Outdated legacy systems have plagued insurers for years. These systems, built by programmers throughout the ’80s and ’90s yet maintained into the new century, already create issues for insurers who wish to shift to newer technology, as well as those who want to make more services available online for customers and employees. However, the compliancy requirements of Solvency II are now forcing an upgrade, and many insurers are far from ready.
That said, newer companies tend to be in a slightly better position because their systems are already more modern but many older companies face numerous challenges, one of those being an aging workforce. As workers who are adept at working with these older mainframes and COBOL programs retire, skills gaps are created and it can become even more difficult to attract younger replacements as they would prefer to work on newer systems.
Besides the need to merely be in compliance with Solvency II, insurers face another danger. Older systems can make the required data for that compliance more difficult to access, leading to less accuracy in calculations regarding available capital. Less accurate calculations may result in a company that is less competitive all around because they may be required to reserve capital in the absence of more precise information. This leads to less financial flexibility and adaptability.
With Solvency II set to go into effect on January 1, 2016, this gives insurers some time to overhaul their systems in order to remain compliant, but is it enough? Particularly as some insurers are still using tools like spreadsheets, revamping their systems is going to take an enormous amount of time and money.
It is possible that Solvency II is something of a red herring as roughly half of insurers acknowledge that they are operating with obsolete code, and if this is the case, these companies need to upgrade no matter what. Even systems that are only a decade or so old, are now considered out of date because the industry has changed so much due to the financial crisis and technological advances. With or without Solvency II, the fact is that the insurance industry faces a significant shift in how they do business and this goes far beyond just upgrading software.
With a number of difficulties to overcome, one decision insurers will need to make is whether they want to keep all operations in-house or outsource some of them. Some experts feel that outsourcing could be one solution because it will allow insurers to focus on their particular strengths whilst outside firms look after aspects such as technological upgrades.

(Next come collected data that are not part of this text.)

lemma brownian_dyadic_increments_unbounded_prob:
  fixes t \<epsilon> \<kappa> \<alpha> p :: real and k :: nat
  assumes BM: "std_brownian_motion M B" and "0 < t" "0 < \<epsilon>" "\<epsilon> \<le> 1"
    and k: "2 \<le> real k * (1 - 2*\<alpha>)" "p \<le> 2 * \<kappa> * real k"
  shows "measure M {\<omega>\<in>space M. \<not> dyadic_increments_bounded (\<lambda>s. B s \<omega>) t (\<lambda>n. \<epsilon> powr (-\<kappa>) * sqrt t * (2 powr (-\<alpha>))^n)}
    \<le> 2 * (fact (2*k) / (2^k * fact k)) * \<epsilon> powr p"
proof -
  interpret prob_space M using BM unfolding std_brownian_motion_def by auto
  define c :: real where "c = fact (2*k) / (2^k * fact k)"
  define A where "A n = (\<Union>j<(2::nat)^n. {\<omega>\<in>space M. \<epsilon> powr (-\<kappa>) * sqrt t * (2 powr (-\<alpha>))^n
    < \<bar>B (real (Suc j) * t / 2^n) \<omega> - B (real j * t / 2^n) \<omega>\<bar>})" for n
  have [measurable]: "B (real j * t / 2^n) \<in> borel_measurable M" for j n
    using BM \<open>0 < t\<close> unfolding std_brownian_motion_def by simp
  have A_sets: "A n \<in> sets M" for n unfolding A_def by measurable
  have prob_A: "measure M (A n) \<le> c * \<epsilon> powr p * (1/2)^n" for n
    unfolding A_def c_def by (rule brownian_dyadic_level_unbounded_prob[OF assms])
  have geom: "summable (\<lambda>n. c * \<epsilon> powr p * (1/2::real)^n)" by (intro summable_mult summable_geometric) simp
  have summable_A: "summable (\<lambda>n. measure M (A n))"
    by (rule summable_comparison_test'[OF geom, of 0]) (use prob_A in auto)
  have "measure M (\<Union>n. A n) \<le> (\<Sum>n. measure M (A n))"
    using A_sets summable_A by (intro finite_measure_subadditive_countably) auto
  also have "\<dots> \<le> (\<Sum>n. c * \<epsilon> powr p * (1/2::real)^n)" by (intro suminf_le prob_A summable_A geom)
  also have "\<dots> = 2 * c * \<epsilon> powr p" by (subst suminf_mult) (auto simp: suminf_geometric)
  finally show ?thesis
    unfolding dyadic_increments_unbounded_eq A_def c_def .
qed

lemma scale_bound_whole_interval:
  fixes c t \<nu> v \<epsilon> \<gamma> \<beta> q :: real
  assumes c: "c > 0" and t: "t > 0" and nu: "\<nu> > 0" and v: "v > 0" and e: "0 < \<epsilon>" "\<epsilon> \<le> 1"
    and q: "0 < q" "q \<le> 1/2"
    and H: "c^2 * t^3 / 256 \<le> \<epsilon> * v * t powr \<gamma> * \<nu> powr \<beta>"
  shows "c \<le> 16 * \<epsilon> powr q * (v powr (1/2) * t powr ((\<gamma> - 3) / 2) * \<nu> powr (\<beta> / 2))"
proof -
  have "ln (c^2 * t^3 / 256) \<le> ln (\<epsilon> * v * t powr \<gamma> * \<nu> powr \<beta>)"
    using H c t nu v e by (subst ln_le_cancel_iff) auto
  then have H1: "2 * ln c + 3 * ln t - ln 256 \<le> ln \<epsilon> + ln v + \<gamma> * ln t + \<beta> * ln \<nu>"
    using c t nu v e by (simp add: ln_mult ln_div ln_realpow ln_powr)
  have l256: "ln (256::real) = 8 * ln 2" using ln_realpow[of 2 8] by simp
  have l16: "ln (16::real) = 4 * ln 2" using ln_realpow[of 2 4] by simp
  have le0: "ln \<epsilon> \<le> 0" using e by simp
  have qe: "(1/2) * ln \<epsilon> \<le> q * ln \<epsilon>" using le0 q by (intro mult_right_mono_neg) auto
  have "ln c \<le> 4 * ln 2 + q * ln \<epsilon> + ln v / 2 + (\<gamma> * ln t) / 2 - 3 * ln t / 2 + (\<beta> * ln \<nu>) / 2"
    using H1 qe l256 l16 by linarith
  also have "\<dots> = ln (16 * \<epsilon> powr q * (v powr (1/2) * t powr ((\<gamma> - 3) / 2) * \<nu> powr (\<beta> / 2)))"
    using t nu v e l16 by (simp add: ln_mult ln_powr algebra_simps) (simp add: field_simps)
  finally show ?thesis using c t nu v e by (subst (asm) ln_le_cancel_iff) auto
qed

lemma le_powr_prod_of_ln_le:
  fixes c D \<epsilon> Y p a :: real
  assumes "0 < c" "0 < D" "0 < \<epsilon>" "0 < Y" "0 < p"
    and "p * ln c \<le> ln D + a * ln \<epsilon> + ln Y"
  shows "c \<le> D powr (1/p) * \<epsilon> powr (a/p) * Y powr (1/p)"
proof -
  have "ln c \<le> (1/p) * ln D + (a/p) * ln \<epsilon> + (1/p) * ln Y"
    using assms by (simp add: field_simps)
  also have "\<dots> = ln (D powr (1/p) * \<epsilon> powr (a/p) * Y powr (1/p))"
    using assms by (simp add: ln_mult ln_powr)
  finally show ?thesis using assms by (subst (asm) ln_le_cancel_iff) auto
qed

Another concern is that many insurers are simply not aware of what they need to do, and their options may shrink if they continue to delay.
The limitations of current software solutions present another obstacle. Some companies are working with upgraded software that runs with legacy systems but in general, this software can address some areas but not others. Some areas of risk such as operational and expense still lack the comprehensive and sophisticated tools needed for updates.
Another potential solution is a complete system overhaul, but this can be taxing on resources. It may be difficult to persuade some companies of the necessity for an entirely new system, and furthermore, an upgrade now doesn’t mean further upgrades in the future aren’t required. It is still possible that within a few years’ time, the new system will be obsolete as well.
One unique challenge presented by Solvency II is simply the cost of running calculations. Companies are faced with a choice between the running costs for the hardware needed to perform these calculations versus the costs of using cloud operations. Cloud operations may appear cheaper initially, but this may not necessarily be the case. Because so few insurers use the cloud extensively at present, it is difficult to estimate what the costs may be and whether companies may tend to routinely have issues with heavy usage or capacity.
Solvency II is only one part of an overall change in the industry that will force insurers to change not just how their technology works but how they do business. Insurers face a sea-change that goes far beyond how they estimate costs or process claims. New regulations, plus consumer expectations, are demanding the revamp of legacy systems and a sleeker, more streamlined and modern approach to global insurance.